Exercise objective.
Each line in the records below, from the one that contains "A)) $$ (i, j) = F m" to the one that contains "a ^ m)) \<longlonglongrightarrow>", should be reproduced exactly, the first and last included.

======== Material for the task

lemma non_squashing_snoc:
  "non_squashing (qs @ [x]) \<longleftrightarrow> non_squashing qs \<and> 1 \<le> x \<and> sum_list qs \<le> x"
proof
  assume ns: "non_squashing (qs @ [x])"
  have prefix_bound: "sum_list (take j qs) \<le> qs ! j" if "1 \<le> j" "j < length qs" for j
  proof -
    have "sum_list (take j (qs @ [x])) \<le> (qs @ [x]) ! j"
      using ns that by (simp add: non_squashing_def)
    then show ?thesis using that by (simp add: nth_append)
  qed
  have last_bound: "sum_list qs \<le> x"
  proof (cases "qs = []")
    case False
    then have "1 \<le> length qs" "length qs < length (qs @ [x])" by (simp_all add: Suc_leI)
    then have "sum_list (take (length qs) (qs @ [x])) \<le> (qs @ [x]) ! length qs"
      using ns unfolding non_squashing_def by blast
    then show ?thesis by simp
  qed simp
  show "non_squashing qs \<and> 1 \<le> x \<and> sum_list qs \<le> x"
    using ns prefix_bound last_bound by (auto simp: non_squashing_def sorted_append)
next
  assume "non_squashing qs \<and> 1 \<le> x \<and> sum_list qs \<le> x"
  then have ns: "non_squashing qs" "1 \<le> x" "sum_list qs \<le> x" by auto
  have "\<forall>q\<in>set qs. q \<le> x" using ns(3) member_le_sum_list order_trans by blast
  moreover have "sum_list (take j (qs @ [x])) \<le> (qs @ [x]) ! j"
    if "1 \<le> j" "j < length (qs @ [x])" for j
    using ns that by (cases "j < length qs") (auto simp: non_squashing_def nth_append)
  ultimately show "non_squashing (qs @ [x])"
    using ns by (auto simp: non_squashing_def sorted_append)
qed
(* If the series \<Sum> N0 A^m converges to L, then L (1 - A) = N0, by telescoping:
   N0 A^m (1 - A) = N0 A^m - N0 A^(m+1) and N0 A^m \<rightarrow> 0. *)
lemma mat_sums_geometric:
  assumes N0: "N0 \<in> carrier_mat r n" and A: "A \<in> carrier_mat n n" and L: "L \<in> carrier_mat r n"
    and sums: "mat_sums (\<lambda>m. N0 * A ^\<^sub>m m) L"
  shows "L * (1\<^sub>m n - A) = N0"
proof -
  define F where "F = (\<lambda>m. N0 * A ^\<^sub>m m)"
  have F: "F m \<in> carrier_mat r n" for m using N0 A by (auto simp: F_def)
  have step: "F m * (1\<^sub>m n - A) = F m - F (Suc m)" for m
  proof -
    have "F m * (1\<^sub>m n - A) = F m - F m * A"
      using mult_minus_distrib_mat[OF F one_carrier_mat A] F[of m] by simp
    also have "F m * A = F (Suc m)"
      unfolding F_def using N0 A by (simp add: assoc_mult_mat[of N0 r n _ n A n])
    finally show ?thesis .
  qed
  have null: "mat_tendsto_zero F r n"
    using mat_sums_imp_tendsto_zero[OF L] sums unfolding F_def by blast
  have IA: "1\<^sub>m n - A \<in> carrier_mat n n" using A by (rule minus_carrier_mat)
  show ?thesis
  proof (rule eq_matI)
    fix i j assume "i < dim_row N0" "j < dim_col N0"
    then have ij: "i < r" "j < n" using N0 by auto
    have "(\<lambda>m. (F m * (1\<^sub>m n - A)) $$ (i, j)) sums ((L * (1\<^sub>m n - A)) $$ (i, j))"
      using mat_sums_mult_right[OF F L IA sums[folded F_def]] ij L A
      unfolding mat_sums_def by auto
    moreover have "(\<lambda>m. (F m * (1\<^sub>m n - A)) $$ (i, j)) sums (F 0 $$ (i, j))"
    proof -
      have "(\<lambda>m. F m $$ (i, j) - F (Suc m) $$ (i, j)) sums (F 0 $$ (i, j) - 0)"
        using null ij unfolding mat_tendsto_zero_def by (intro telescope_sums') auto
      moreover have "(F m * (1\<^sub>m n - A)) $$ (i, j) = F m $$ (i, j) - F (Suc m) $$ (i, j)" for m
        unfolding step using F[of "Suc m"] ij by simp
      ultimately show ?thesis by simp
    qed
    moreover have "F 0 = N0" using N0 A by (simp add: F_def)
    ultimately show "(L * (1\<^sub>m n - A)) $$ (i, j) = N0 $$ (i, j)"
      using sums_unique2 by metis
  qed (use L N0 A in auto)
qed


lemma mult_power_tendsto_zero_imp_zero:
  fixes x a :: "'a :: real_normed_div_algebra"
  assumes a: "1 \<le> norm a" and lim: "(\<lambda>m. x * a ^ m) \<longlonglongrightarrow> 0"
  shows "x = 0"
proof -
  have "norm x \<le> norm (x * a ^ m)" for m
    using a by (simp add: norm_mult norm_power mult_le_cancel_left1 one_le_power)
  moreover have "(\<lambda>m. norm (x * a ^ m)) \<longlonglongrightarrow> 0"
    using tendsto_norm_zero[OF lim] .
  ultimately have "norm x \<le> 0"
    by (intro tendsto_lowerbound) (auto intro: always_eventually)
  then show ?thesis by simp
qed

================

Exercise response.
      moreover have "(F m * (1\<^sub>m n - A)) $$ (i, j) = F m $$ (i, j) - F (Suc m) $$ (i, j)" for m
        unfolding step using F[of "Suc m"] ij by simp
      ultimately show ?thesis by simp
    qed
    moreover have "F 0 = N0" using N0 A by (simp add: F_def)
    ultimately show "(L * (1\<^sub>m n - A)) $$ (i, j) = N0 $$ (i, j)"
      using sums_unique2 by metis
  qed (use L N0 A in auto)
qed


lemma mult_power_tendsto_zero_imp_zero:
  fixes x a :: "'a :: real_normed_div_algebra"
  assumes a: "1 \<le> norm a" and lim: "(\<lambda>m. x * a ^ m) \<longlonglongrightarrow> 0"
  shows "x = 0"
proof -
  have "norm x \<le> norm (x * a ^ m)" for m
    using a by (simp add: norm_mult norm_power mult_le_cancel_left1 one_le_power)
  moreover have "(\<lambda>m. norm (x * a ^ m)) \<longlonglongrightarrow> 0"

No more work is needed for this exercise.